section \<open>The Ariki--Koike algebra and the elements m_mu\<close>

lemma AK_rels_subset: "AK_rels n r q Q \<subseteq> fa_carrier n"
  unfolding AK_rels_def
  by (auto intro!: fa_prod_list_closed fa_minus_closed fa_mult_closed fa_add_closed
      fa_gen_closed fa_const_closed)

lemma AK_ring: "ring (AK n r q Q)"
  unfolding AK_def
  by (rule ideal.quotient_is_ring, rule ring.genideal_ideal[OF FA_ring])
    (simp add: carrier_FA AK_rels_subset)

lemma AK_coset_closed:
  "a \<in> fa_carrier n \<Longrightarrow> (Idl\<^bsub>FA n\<^esub> (AK_rels n r q Q)) +>\<^bsub>FA n\<^esub> a \<in> carrier (AK n r q Q)"
  unfolding AK_def FactRing_def by (auto simp: A_RCOSETS_def' carrier_FA)

lemma AK_T_closed: "i < n \<Longrightarrow> AK_T n r q Q i \<in> carrier (AK n r q Q)"
  unfolding AK_T_def by (rule AK_coset_closed[OF fa_gen_closed])

lemma AK_sc_closed: "AK_sc n r q Q c \<in> carrier (AK n r q Q)"
  unfolding AK_sc_def by (rule AK_coset_closed[OF fa_const_closed])

lemma AK_prod_closed: "set xs \<subseteq> carrier (AK n r q Q) \<Longrightarrow> AK_prod n r q Q xs \<in> carrier (AK n r q Q)"
  by (induction xs) (auto simp: AK_prod_def ring.ring_simprules[OF AK_ring])

lemma AK_L_closed: "\<lbrakk>1 \<le> k; k \<le> n\<rbrakk> \<Longrightarrow> AK_L n r q Q k \<in> carrier (AK n r q Q)"
  unfolding AK_L_def by (rule AK_prod_closed) (auto simp: AK_sc_closed intro!: AK_T_closed)

lemma multicomp_initial_size_le:
  assumes "multicomp r n mu" "m \<le> r"
  shows "(\<Sum>t<m. csize mu t) \<le> n"
proof -
  have "(\<Sum>t<m. csize mu t) \<le> (\<Sum>t<r. csize mu t)"
    using assms(2) by (intro sum_mono2) auto
  then show ?thesis using assms(1) by (simp add: multicomp_def)
qed

lemma AK_u_closed:
  assumes "multicomp r n mu"
  shows "AK_u n r q Q mu \<in> carrier (AK n r q Q)"
proof -
  have "AK_L n r q Q k \<ominus>\<^bsub>AK n r q Q\<^esub> AK_sc n r q Q (Q s) \<in> carrier (AK n r q Q)"
    if "s \<le> r" "1 \<le> k" "k \<le> (\<Sum>t<s - 1. csize mu t)" for s k
  proof -
    have "(\<Sum>t<s - 1. csize mu t) \<le> n"
      using that(1) by (intro multicomp_initial_size_le[OF assms]) simp
    then show ?thesis
      using that by (intro ring.ring_simprules(4)[OF AK_ring] AK_L_closed AK_sc_closed) auto
  qed
  then show ?thesis
    unfolding AK_u_def by (intro AK_prod_closed) auto
qed

lemma perm_of_word_append: "perm_of_word (xs @ ys) = perm_of_word xs \<circ> perm_of_word ys"
  by (induction xs) (auto simp: perm_of_word_def)

lemma transpose_as_word:
  assumes "a < b"
  shows "\<exists>ws. set ws \<subseteq> {a..<b} \<and> perm_of_word ws = transpose a b"
proof -
  obtain d where b: "b = a + 1 + d"
    using assms by (metis add.commute less_imp_Suc_add plus_1_eq_Suc add.left_commute)
  have "\<exists>ws. set ws \<subseteq> {a..<a+1+d} \<and> perm_of_word ws = transpose a (a+1+d)"
  proof (induction d)
    case 0
    show ?case
      by (rule exI[of _ "[a]"]) (auto simp: perm_of_word_def stp_def transpose_def)
  next
    case (Suc d)
    then obtain ws where ws: "set ws \<subseteq> {a..<a+1+d}" "perm_of_word ws = transpose a (a+1+d)"
      by blast
    have "transpose a (a+1+Suc d) = stp (a+1+d) \<circ> transpose a (a+1+d) \<circ> stp (a+1+d)"
      by (auto simp: stp_def transpose_def)
    also have "\<dots> = perm_of_word ([a+1+d] @ ws @ [a+1+d])"
      by (simp only: perm_of_word_append ws(2)) (simp add: perm_of_word_def comp_assoc)
    finally show ?case
      using ws(1) by (intro exI[of _ "[a+1+d] @ ws @ [a+1+d]"]) auto
  qed
  then show ?thesis using b by blast
qed

lemma permutation_as_word:
  assumes "bij_betw w {1..n} {1..n}" "\<forall>x. x \<notin> {1..n} \<longrightarrow> w x = x"
  shows "\<exists>ws. set ws \<subseteq> {1..<n} \<and> perm_of_word ws = w"
proof -
  have "w permutes {1..n}"
    using assms by (intro bij_imp_permutes) auto
  from this finite_atLeastAtMost[of 1 n] show ?thesis
  proof (induction rule: permutes_induct)
    case id
    show ?case by (rule exI[of _ "[]"]) (simp add: perm_of_word_def)
  next
    case (swap a b p)
    then obtain ws where ws: "set ws \<subseteq> {1..<n}" "perm_of_word ws = p"
      by blast
    obtain vs where vs: "set vs \<subseteq> {min a b..<max a b}"
        "perm_of_word vs = transpose (min a b) (max a b)"
      using transpose_as_word[of "min a b" "max a b"] \<open>a \<noteq> b\<close> by (cases "a \<le> b") auto
    have "transpose (min a b) (max a b) = transpose a b"
      by (cases "a \<le> b") (auto simp: transpose_commute min_def max_def)
    moreover have "set vs \<subseteq> {1..<n}"
      using vs(1) swap.hyps(1,2) by (auto simp: subset_iff min_def max_def split: if_splits)
    ultimately show ?case
      using ws vs(2) by (intro exI[of _ "vs @ ws"]) (auto simp: perm_of_word_append)
  qed
qed

lemma reduced_word_exists:
  assumes "bij_betw w {1..n} {1..n}" "\<forall>x. x \<notin> {1..n} \<longrightarrow> w x = x"
  shows "\<exists>ws. reduced_word n w ws"
proof -
  obtain ws where "set ws \<subseteq> {1..<n} \<and> perm_of_word ws = w"
    using permutation_as_word[OF assms] by blast
  from ex_has_least_nat[of "\<lambda>ws. set ws \<subseteq> {1..<n} \<and> perm_of_word ws = w", OF this, of length]
  show ?thesis unfolding reduced_word_def by blast
qed

lemma AK_Tw_closed:
  assumes "bij_betw w {1..n} {1..n}" "\<forall>x. x \<notin> {1..n} \<longrightarrow> w x = x"
  shows "AK_Tw n r q Q w \<in> carrier (AK n r q Q)"
proof -
  have "reduced_word n w (SOME ws. reduced_word n w ws)"
    using reduced_word_exists[OF assms] by (rule someI_ex)
  then show ?thesis
    unfolding AK_Tw_def reduced_word_def by (intro AK_prod_closed) (auto intro!: AK_T_closed)
qed

lemma AK_x_closed: "AK_x n r q Q mu \<in> carrier (AK n r q Q)"
proof -
  interpret ring "AK n r q Q" by (rule AK_ring)
  show ?thesis
    unfolding AK_x_def by (rule finsum_closed) (auto simp: young_subgroup_def intro!: AK_Tw_closed)
qed

lemma AK_m_closed: "multicomp r n mu \<Longrightarrow> AK_m n r q Q mu \<in> carrier (AK n r q Q)"
  unfolding AK_m_def by (intro ring.ring_simprules(5)[OF AK_ring] AK_x_closed AK_u_closed)

section \<open>The multicomposition omega\<close>

lemma csize_omega: "t + 1 \<noteq> r \<Longrightarrow> csize (omega r n) t = 0"
  by (simp add: csize_def omega_def)

lemma row_block_omega:
  assumes "1 \<le> r" "1 \<le> x" "x \<le> n"
  shows "row_block (omega r n) (r - 1) (x - 1) = {x}"
proof -
  have "(\<Sum>t<r-1. csize (omega r n) t) = 0"
    using assms by (auto intro!: sum.neutral csize_omega)
  moreover have "(\<Sum>j<x-1. omega r n (r-1) j) = (\<Sum>j<x-1. 1)"
    using assms by (intro sum.cong) (auto simp: omega_def)
  moreover have "omega r n (r-1) (x-1) = 1"
    using assms by (simp add: omega_def)
  ultimately show ?thesis
    using assms by (simp add: row_block_def Let_def)
qed

lemma young_subgroup_omega:
  assumes "1 \<le> r"
  shows "young_subgroup r n (omega r n) = {id}"
proof
  show "{id} \<subseteq> young_subgroup r n (omega r n)"
    by (simp add: young_subgroup_def)
  show "young_subgroup r n (omega r n) \<subseteq> {id}"
  proof
    fix w assume w: "w \<in> young_subgroup r n (omega r n)"
    have "w x = x" for x
    proof (cases "x \<in> {1..n}")
      case True
      then have "w ` row_block (omega r n) (r - 1) (x - 1) = row_block (omega r n) (r - 1) (x - 1)"
        using w assms by (auto simp: young_subgroup_def)
      then show ?thesis
        using row_block_omega[OF assms, of x n] True by simp
    next
      case False
      then show ?thesis using w by (simp add: young_subgroup_def)
    qed
    then show "w \<in> {id}" by auto
  qed
qed

lemma AK_Tw_id: "AK_Tw n r q Q id = \<one>\<^bsub>AK n r q Q\<^esub>"
proof -
  have "reduced_word n id []"
    by (simp add: reduced_word_def perm_of_word_def)
  then have "(SOME ws. reduced_word n id ws) = []"
    by (metis (mono_tags) length_0_conv le_zero_eq list.size(3) reduced_word_def someI)
  then show ?thesis
    by (simp add: AK_Tw_def AK_prod_def)
qed

lemma AK_u_omega: "AK_u n r q Q (omega r n) = \<one>\<^bsub>AK n r q Q\<^esub>"
proof -
  have no_factors: "[1..<(\<Sum>t<s - 1. csize (omega r n) t) + 1] = []" if "s \<in> set [2..<r+1]" for s
  proof -
    have "(\<Sum>t<s - 1. csize (omega r n) t) = 0"
      using that by (intro sum.neutral) (auto simp: csize_omega)
    then show ?thesis by simp
  qed
  show ?thesis
    unfolding AK_u_def AK_prod_def by (simp only: no_factors cong: map_cong) (simp add: map_replicate_const)
qed

lemma AK_m_omega:
  assumes "1 \<le> r"
  shows "AK_m n r q Q (omega r n) = \<one>\<^bsub>AK n r q Q\<^esub>"
proof -
  interpret ring "AK n r q Q" by (rule AK_ring)
  have "AK_x n r q Q (omega r n) = \<one>\<^bsub>AK n r q Q\<^esub>"
    by (simp add: AK_x_def young_subgroup_omega[OF assms] AK_Tw_id)
  then show ?thesis
    by (simp add: AK_m_def AK_u_omega)
qed

lemma AK_permutation_modules_as_cyclic_sum:
  "Msum n r q Q Lam = cyclic_sum (AK n r q Q) Lam (AK_m n r q Q)"
  "Msum_add n r q Q Lam = cyclic_sum_add (AK n r q Q) Lam"
  "End_Schur n r q Q Lam = cyclic_sum_bicommutant (AK n r q Q) Lam (AK_m n r q Q)"
  "nat_map n r q Q Lam = right_mult_action (AK n r q Q) Lam (AK_m n r q Q)"
  by (simp_all add: fun_eq_iff Msum_def cyclic_sum_def Mperm_def right_principal_def
      Msum_add_def cyclic_sum_add_def Msum_act_def cyclic_sum_act_def End_Schur_def
      cyclic_sum_bicommutant_def Schur_def cyclic_sum_End_def nat_map_def right_mult_action_def)

theorem mainTheorem12:
  fixes q :: "'r::idom" and Q :: "nat \<Rightarrow> 'r" and n r :: nat
    and Lam :: "(nat \<Rightarrow> nat \<Rightarrow> nat) set"
  assumes "q dvd 1" and "1 \<le> r"
    and "finite Lam" and "\<forall>mu\<in>Lam. multicomp r n mu"
    and "omega r n \<in> Lam" and "Lambda_plus r n Lam \<subseteq> Lam"
  shows "bij_betw (nat_map n r q Q Lam) (carrier (AK n r q Q)) (End_Schur n r q Q Lam)
    \<and> nat_map n r q Q Lam \<one>\<^bsub>AK n r q Q\<^esub> = (\<lambda>x\<in>Msum n r q Q Lam. x)
    \<and> (\<forall>h\<in>carrier (AK n r q Q). \<forall>k\<in>carrier (AK n r q Q).
         nat_map n r q Q Lam (h \<oplus>\<^bsub>AK n r q Q\<^esub> k)
           = (\<lambda>x\<in>Msum n r q Q Lam. Msum_add n r q Q Lam (nat_map n r q Q Lam h x) (nat_map n r q Q Lam k x))
       \<and> nat_map n r q Q Lam (h \<otimes>\<^bsub>AK n r q Q\<^esub> k)
           = compose (Msum n r q Q Lam) (nat_map n r q Q Lam k) (nat_map n r q Q Lam h))"
proof -
  interpret regular_summand "AK n r q Q" Lam "AK_m n r q Q" "omega r n"
    using assms(2,4,5)
    by (intro regular_summand.intro regular_summand_axioms.intro AK_ring)
      (auto simp: AK_m_closed AK_m_omega)
  show ?thesis
    unfolding AK_permutation_modules_as_cyclic_sum
    using right_mult_action_bij right_mult_action_one right_mult_action_add
      right_mult_action_mult by blast
qed

end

- **YOUR OBJECTIVE**: Some lines in the data above hold the string "open". Find and copy each of them.

- **TASK RESULT**:
section \<open>The Ariki--Koike algebra and the elements m_mu\<close>
      using transpose_as_word[of "min a b" "max a b"] \<open>a \<noteq> b\<close> by (cases "a \<le> b") auto
section \<open>The multicomposition omega\<close>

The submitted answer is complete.